◆ **Extracted records**:

(* Let $(S,\mathsf d)$ be a complete separable metric space and $\mathbf p$ a Borel probability measure on it. For $\varepsilon>0$ and $k\in\mathbb{N}_0$ we have $0\le p_{\varepsilon,k}\le1$, $p_{\varepsilon,0}=0$, $p_{\varepsilon,1}=\int_S\mathbf p(B(x,\varepsilon))\,d\mathbf p(x)$, and $\lim_{k\to\infty}p_{\varepsilon,k}=1$. Moreover, $\operatorname{supp}\mathbf p$ is compact if and only if \[\underline{\mathbf p}_\varepsilon:=\inf_{x\in\operatorname{supp}\mathbf p}\mathbf p(B(x,\varepsilon))>0\quad\text{for every }\varepsilon>0,\] and in this case $p_{\varepsilon,k}\ge1-(1-\underline{\mathbf p}_\varepsilon)^k$, so $p_{\varepsilon,k}\to1$ exponentially fast as $k\to\infty$.
   Context: $B(x,\varepsilon):=\{y:\mathsf d(x,y)<\varepsilon\}$. The $(\varepsilon,k)$-subcovering probability is $p_{\varepsilon,k}:=\mathbb P\big(X\in\bigcup_{i=1}^kB(X_i,\varepsilon)\big)$, where $X,X_1,\dots,X_k$ are i.i.d. with law $\mathbf p$ (the union is empty for $k=0$). *)

theory Defs
  imports "HOL-Probability.Probability"
begin

text \<open>(eps,k)-subcovering probability: P(X in the union of B(X_i,eps), i=1..k),
  X = coordinate 0, X_1..X_k = coordinates 1..k of the i.i.d. product measure.\<close>
definition subcov_prob :: "'a::metric_space measure \<Rightarrow> real \<Rightarrow> nat \<Rightarrow> real" where
  "subcov_prob M \<epsilon> k =
     measure (PiM {0..k} (\<lambda>_. M)) {\<omega> \<in> space (PiM {0..k} (\<lambda>_. M)). \<exists>i\<in>{1..k}. \<omega> 0 \<in> ball (\<omega> i) \<epsilon>}"

definition supp :: "'a::metric_space measure \<Rightarrow> 'a set" where
  "supp M = {x. \<forall>e>0. measure M (ball x e) > 0}"

definition inf_ball_mass :: "'a::metric_space measure \<Rightarrow> real \<Rightarrow> real" where
  "inf_ball_mass M \<epsilon> = (INF x\<in>supp M. measure M (ball x \<epsilon>))"

end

◆ **Instructions to follow**: Sift the material for lines that include the word "definition", and copy each one.

◆ **Task solution**:
definition subcov_prob :: "'a::metric_space measure \<Rightarrow> real \<Rightarrow> nat \<Rightarrow> real" where
definition supp :: "'a::metric_space measure \<Rightarrow> 'a set" where
definition inf_ball_mass :: "'a::metric_space measure \<Rightarrow> real \<Rightarrow> real" where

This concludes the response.